Answer:
Since the quadratic function has a minimum value at some point between x = 2 and x = 6, its graph is a downward-facing parabola.
Let's assume that the function is of form f(x) = ax^2 + bx + c, where a, b, and c are constants.
Since the minimum value of the function is −2, we know that the vertex of the parabola lies on the line y = -2. Also, we know that the x-coordinate of the vertex is the average of 2 and 6, which is 4.
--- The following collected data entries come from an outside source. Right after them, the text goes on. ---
lemma closed_ideal_closure: "closed_ideal T J \<Longrightarrow> opnorm_closure J \<subseteq> J"
  unfolding closed_ideal_def op_closed_def by blast

lemma closed_ideal_sum:
  assumes J: "closed_ideal T J"
  shows "finite I \<Longrightarrow> (\<And>i. i \<in> I \<Longrightarrow> f i \<in> J) \<Longrightarrow> (\<lambda>x. \<Sum>i\<in>I. f i x) \<in> J"
proof (induction I rule: finite_induct)
  case empty
  then show ?case using closed_ideal_zero[OF J] by simp
next
  case (insert i I)
  then have "(\<lambda>x. f i x + (\<lambda>x. \<Sum>i\<in>I. f i x) x) \<in> J" by (intro closed_ideal_add[OF J]) auto
  then show ?case using insert by simp
qed

lemma pow_comb_in_closed_ideal:
  "closed_ideal T J \<Longrightarrow> finite I \<Longrightarrow> (\<And>k. k \<in> I \<Longrightarrow> T ^^ k \<in> J) \<Longrightarrow> pow_comb T I c \<in> J"
  unfolding pow_comb_def by (intro closed_ideal_sum closed_ideal_scaleC)

lemma zero_closed_ideal:
  assumes "bounded_op T"
  shows "closed_ideal T {\<lambda>x. 0}"
proof -
  have "S = (\<lambda>x. 0)" if "S \<in> opnorm_closure {\<lambda>x. 0}" for S
  proof -
    have small: "onorm S < e" if "e > 0" for e
      using \<open>S \<in> opnorm_closure {\<lambda>x. 0}\<close> that by (auto simp: opnorm_closure_def)
    have "onorm S \<le> 0"
    proof (rule ccontr)
      assume "\<not> onorm S \<le> 0"
      then show False using small[of "onorm S"] by simp
    qed
    then show ?thesis
      using onorm_pos_le onorm_eq_0 bounded_op_bounded_linear[OF bounded_op_opnorm_closure[OF that]]
      by (metis antisym)
  qed
  then show ?thesis
    using funpow_in_alg_T[OF assms, of 1] pow_comb_in_alg_T[OF assms, of "{}"]
    unfolding closed_ideal_def op_closed_def
    by (auto simp: pow_comb_def o_def bounded_op_0 bounded_op_alg_T)
qed

lemma gen_ideal_least: "closed_ideal T J \<Longrightarrow> R \<in> J \<Longrightarrow> gen_ideal T R \<subseteq> J"
  unfolding gen_ideal_def by blast

lemma subset_gen_ideal: "(\<And>K. closed_ideal T K \<Longrightarrow> R \<in> K \<Longrightarrow> J \<subseteq> K) \<Longrightarrow> J \<subseteq> gen_ideal T R"
  unfolding gen_ideal_def by blast

section \<open>Gauge invariant ideals\<close>

lemma exists_pos_add_mult_le:
  fixes a b :: real
  assumes "a > 0" "b \<ge> 0"
  shows "\<exists>\<epsilon>>0. \<epsilon> + \<epsilon> * b \<le> a"
proof (intro exI conjI)
  show "a / (1 + b) > 0" using assms by simp
  have "a / (1 + b) + a / (1 + b) * b = a / (1 + b) * (1 + b)"
    by (simp add: distrib_left)
  also have "\<dots> = a" using assms by simp
  finally show "a / (1 + b) + a / (1 + b) * b \<le> a" by simp
qed

locale gauge_invariant_ideal = gauge +
  fixes J :: "('a \<Rightarrow> 'a) set"
  assumes closed_ideal: "closed_ideal T J"
    and gauge_invariant: "\<forall>l. cmod l = 1 \<longrightarrow> \<gamma> l ` J \<subseteq> J"
begin

lemma ideal_in_alg_T: "S \<in> J \<Longrightarrow> S \<in> alg_T T"
  using closed_ideal_subset[OF closed_ideal] by blast

lemma gauge_average_in_ideal: "S \<in> J \<Longrightarrow> gauge_average N w S \<in> J"
  unfolding gauge_average_def
  using gauge_invariant norm_unit_root
  by (intro closed_ideal_sum[OF closed_ideal] closed_ideal_scaleC[OF closed_ideal]) blast+

lemma power_separated_from_ideal:
  assumes "T ^^ n \<notin> J"
  shows "\<exists>d>0. \<forall>Q\<in>J. d \<le> onorm (\<lambda>x. (T ^^ n) x - Q x)"
proof (rule ccontr)
  assume "\<not> ?thesis"
  then have "T ^^ n \<in> opnorm_closure J"
    unfolding opnorm_closure_def using bounded_op_funpow[OF bounded_T] by (auto simp: not_le)
  then show False using closed_ideal_closure[OF closed_ideal] assms by blast
qed

lemma powers_uniformly_separated_from_ideal:
  assumes "finite B"
  shows "\<exists>d>0. \<forall>n\<in>B. T ^^ n \<notin> J \<longrightarrow> (\<forall>Q\<in>J. d \<le> onorm (\<lambda>x. (T ^^ n) x - Q x))"
  using assms
proof (induction B rule: finite_induct)
  case empty
  show ?case by (auto intro: exI[of _ 1])
next
  case (insert n B)
  obtain d where d: "d > 0"
    "\<forall>m\<in>B. T ^^ m \<notin> J \<longrightarrow> (\<forall>Q\<in>J. d \<le> onorm (\<lambda>x. (T ^^ m) x - Q x))"
    using insert.IH by blast
  show ?case
  proof (cases "T ^^ n \<in> J")
    case True
    with d show ?thesis by blast
  next
    case False
    then obtain d' where "d' > 0" "\<forall>Q\<in>J. d' \<le> onorm (\<lambda>x. (T ^^ n) x - Q x)"
      using power_separated_from_ideal by blast
    with d show ?thesis by (intro exI[of _ "min d d'"]) force
  qed
qed

lemma coefficient_le_of_separated:
  assumes sep: "\<forall>Q\<in>J. d \<le> onorm (\<lambda>x. (T ^^ n) x - Q x)" and d: "d > 0"
    and F: "F \<in> J" and close: "onorm (\<lambda>x. F x - c *\<^sub>C (T ^^ n) x) < \<epsilon>"
  shows "cmod c \<le> \<epsilon> / d"
proof (cases "c = 0")
  case True
  have "0 \<le> onorm (\<lambda>x. F x - c *\<^sub>C (T ^^ n) x)"
    using ideal_in_alg_T[OF F]
    by (intro onorm_pos_le bounded_op_bounded_linear bounded_op_diff bounded_op_scaleC
        bounded_op_funpow bounded_T bounded_op_alg_T)
  then show ?thesis using True close d by simp
next
  case False
  have "(\<lambda>x. inverse c *\<^sub>C F x) \<in> J" by (rule closed_ideal_scaleC[OF closed_ideal F])
  then have "cmod c * d \<le> cmod c * onorm (\<lambda>x. (T ^^ n) x - inverse c *\<^sub>C F x)"
    using sep by (intro mult_left_mono) auto
  also have "\<dots> = onorm (\<lambda>x. c *\<^sub>C ((T ^^ n) x - inverse c *\<^sub>C F x))"
    using ideal_in_alg_T[OF F]
    by (intro onorm_scaleC[symmetric] bounded_op_diff bounded_op_scaleC bounded_op_funpow
        bounded_T bounded_op_alg_T)
  also have "\<dots> = onorm (\<lambda>x. F x - c *\<^sub>C (T ^^ n) x)"
    using False onorm_diff_commute[of F]
    by (simp add: scaleC_diff_right scaleC_scaleC scaleC_one)
  finally show ?thesis using close d by (simp add: pos_le_divide_eq)
qed

lemma fourier_coefficient_le:
  assumes S: "S \<in> J" and I: "finite I" "0 \<notin> I" and n: "n \<in> I"
    and close: "onorm (\<lambda>x. S x - pow_comb T I c x) < \<epsilon>"
    and sep: "\<forall>Q\<in>J. d \<le> onorm (\<lambda>x. (T ^^ n) x - Q x)" and d: "d > 0"
  shows "cmod (c n) \<le> \<epsilon> / d"
proof -
  obtain N where N: "I \<subseteq> {..<N}" using finite_nat_bounded[OF I(1)] by blast
  have nN: "0 < n" "n < N" using n I(2) N by (metis gr0I, blast)
  let ?F = "gauge_average N (fourier_weight N n)"
  have "?F (pow_comb T I c) = pow_comb T I (\<lambda>k. if k = n then c n else 0)"
    unfolding gauge_average_pow_comb[OF I]
  proof (rule pow_comb_cong)
    fix k assume "k \<in> I"
    then have "0 < k" "k < N" using I(2) N by (metis gr0I, blast)
    then show "c k * weight_transform N (fourier_weight N n) k = (if k = n then c n else 0)"
      using nN by (simp add: weight_transform_fourier_weight)
  qed
  also have "\<dots> = (\<lambda>x. c n *\<^sub>C (T ^^ n) x)" by (rule pow_comb_delta[OF I(1) n])
  finally have Fp: "?F (pow_comb T I c) = (\<lambda>x. c n *\<^sub>C (T ^^ n) x)" .
  have "onorm (\<lambda>x. ?F S x - ?F (pow_comb T I c) x)
      \<le> (\<Sum>j<N. cmod (fourier_weight N n j)) * onorm (\<lambda>x. S x - pow_comb T I c x)"
    using ideal_in_alg_T[OF S] pow_comb_in_alg_T[OF bounded_T I]
    by (rule onorm_gauge_average_diff_le)
  also have "\<dots> < \<epsilon>" using close nN by (simp add: sum_norm_fourier_weight)
  finally show ?thesis
    using coefficient_le_of_separated[OF sep d gauge_average_in_ideal[OF S]] Fp by simp
qed

lemma discarded_terms_le:
  assumes S: "S \<in> J" and I: "finite I" "0 \<notin> I"
    and close: "onorm (\<lambda>x. S x - pow_comb T I c x) < \<epsilon>"
    and M: "M > 0" and d: "d > 0"
    and sep: "\<forall>n\<in>{1..<M}. T ^^ n \<notin> J \<longrightarrow> (\<forall>Q\<in>J. d \<le> onorm (\<lambda>x. (T ^^ n) x - Q x))"
  shows "onorm (pow_comb T (I - {k. T ^^ k \<in> J}) (\<lambda>k. c k * (of_nat (M - k) / of_nat M)))
    \<le> \<epsilon> / d * (\<Sum>n\<in>{1..<M}. onorm (T ^^ n))"
proof -
  let ?a = "\<lambda>k. c k * (of_nat (M - k) / of_nat M)" and ?D = "I - {k. T ^^ k \<in> J}"
  have onorm_T: "0 \<le> onorm (T ^^ k)" for k
    by (simp add: onorm_pos_le bounded_op_bounded_linear bounded_op_funpow bounded_T)
  have "0 \<le> onorm (\<lambda>x. S x - pow_comb T I c x)"
    by (intro onorm_pos_le bounded_op_bounded_linear bounded_op_diff
        bounded_op_alg_T[OF ideal_in_alg_T[OF S]] bounded_op_pow_comb[OF bounded_T I(1)])
  with close d have nonneg: "0 \<le> \<epsilon> / d * onorm (T ^^ k)" for k
    using onorm_T by simp
  have term_le: "cmod (?a k) * onorm (T ^^ k) \<le> (if k \<in> {1..<M} then \<epsilon> / d * onorm (T ^^ k) else 0)"
    if k: "k \<in> ?D" for k
  proof (cases "k < M")
    case True
    moreover have "k \<noteq> 0" using k I(2) by (metis DiffD1)
    ultimately have kM: "k \<in> {1..<M}" by simp
    then have "\<forall>Q\<in>J. d \<le> onorm (\<lambda>x. (T ^^ k) x - Q x)" using sep k by blast
    then have "cmod (c k) \<le> \<epsilon> / d"
      using fourier_coefficient_le[OF S I _ close _ d] k by blast
    moreover have "cmod (?a k) \<le> cmod (c k)"
      using norm_fejer_factor_le[OF M, of k] unfolding norm_mult by (simp add: mult_left_le)
    ultimately have "cmod (?a k) \<le> \<epsilon> / d" by linarith
    then have "cmod (?a k) * onorm (T ^^ k) \<le> \<epsilon> / d * onorm (T ^^ k)"
      using onorm_T by (rule mult_right_mono)
    with kM show ?thesis by simp
  qed simp
  have "onorm (pow_comb T ?D ?a) \<le> (\<Sum>k\<in>?D. cmod (?a k) * onorm (T ^^ k))"
    using I by (intro onorm_pow_comb_le bounded_T) simp
  also have "\<dots> \<le> (\<Sum>k\<in>?D. if k \<in> {1..<M} then \<epsilon> / d * onorm (T ^^ k) else 0)"
    by (rule sum_mono) (rule term_le)
  also have "\<dots> = (\<Sum>k\<in>?D \<inter> {1..<M}. \<epsilon> / d * onorm (T ^^ k))"
    by (rule sum.inter_restrict[symmetric]) (use I in simp)
  also have "\<dots> \<le> (\<Sum>k\<in>{1..<M}. \<epsilon> / d * onorm (T ^^ k))"
    using nonneg by (intro sum_mono2) auto
  finally show ?thesis by (simp add: sum_distrib_left)
qed

lemma fejer_average_near_ideal_powers:
  assumes S: "S \<in> J" and I: "finite I" "0 \<notin> I"
    and close: "onorm (\<lambda>x. S x - pow_comb T I c x) < \<epsilon>"
    and M: "M > 0" "M \<le> N" and N: "\<And>k. k \<in> I \<Longrightarrow> k + M \<le> N" and d: "d > 0"
    and sep: "\<forall>n\<in>{1..<M}. T ^^ n \<notin> J \<longrightarrow> (\<forall>Q\<in>J. d \<le> onorm (\<lambda>x. (T ^^ n) x - Q x))"
  shows "onorm (\<lambda>x. gauge_average N (fejer_weight N M) S x
      - pow_comb T (I \<inter> {k. T ^^ k \<in> J}) (\<lambda>k. c k * (of_nat (M - k) / of_nat M)) x)
    < \<epsilon> + \<epsilon> / d * (\<Sum>n\<in>{1..<M}. onorm (T ^^ n))"
proof -
  let ?\<Phi> = "gauge_average N (fejer_weight N M)" and ?p = "pow_comb T I c"
    and ?a = "\<lambda>k. c k * (of_nat (M - k) / of_nat M)" and ?K = "{k. T ^^ k \<in> J}"
  let ?Q = "pow_comb T (I \<inter> ?K) ?a"
  have SA: "S \<in> alg_T T" by (rule ideal_in_alg_T[OF S])
  have pA: "?p \<in> alg_T T" by (rule pow_comb_in_alg_T[OF bounded_T I])
  have \<Phi>p: "?\<Phi> ?p = (\<lambda>x. ?Q x + pow_comb T (I - ?K) ?a x)"
    using fejer_average_pow_comb[OF I M(1) N] pow_comb_Int_Diff[OF I(1)] by simp
  have "onorm (\<lambda>x. ?\<Phi> S x - ?Q x) \<le> onorm (\<lambda>x. ?\<Phi> S x - ?\<Phi> ?p x) + onorm (\<lambda>x. ?\<Phi> ?p x - ?Q x)"
    using SA pA I(1)
    by (intro onorm_diff_triangle) (simp_all add: bounded_op_gauge_average bounded_op_pow_comb[OF bounded_T])
  moreover have "onorm (\<lambda>x. ?\<Phi> S x - ?\<Phi> ?p x) < \<epsilon>"
    using onorm_gauge_average_diff_le[OF SA pA, of N "fejer_weight N M"] close M
    by (simp add: sum_fejer_weight(2))
  moreover have "onorm (\<lambda>x. ?\<Phi> ?p x - ?Q x) \<le> \<epsilon> / d * (\<Sum>n\<in>{1..<M}. onorm (T ^^ n))"
    using discarded_terms_le[OF S I close M(1) d sep] unfolding \<Phi>p by simp
  ultimately show ?thesis by linarith
qed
Therefore, the equation of the parabola can be written as f(x) = a(x-4)^2 - 2.
Since the y-intercept is the value of y when x = 0, we can find it by plugging in x = 0 into the equation of the parabola:
f(0) = a(0-4)^2 - 2
f(0) = 16a - 2
We know that the function yields negative values between x = 2 and x = 6, so the parabola must intersect the y-axis below the x-axis. This means that the y-intercept is negative.
To find the y-intercept, we need to solve the equation 16a - 2 = 0, which gives us a = 1/8.
Therefore, the equation of the parabola is f(x) = (1/8)(x-4)^2 - 2.
Finally, we can find the y-intercept by plugging in x = 0:
f(0) = (1/8)(0-4)^2 - 2
f(0) = 8 - 2
f(0) = 6
So the coordinates of the y-intercept are (0, 6).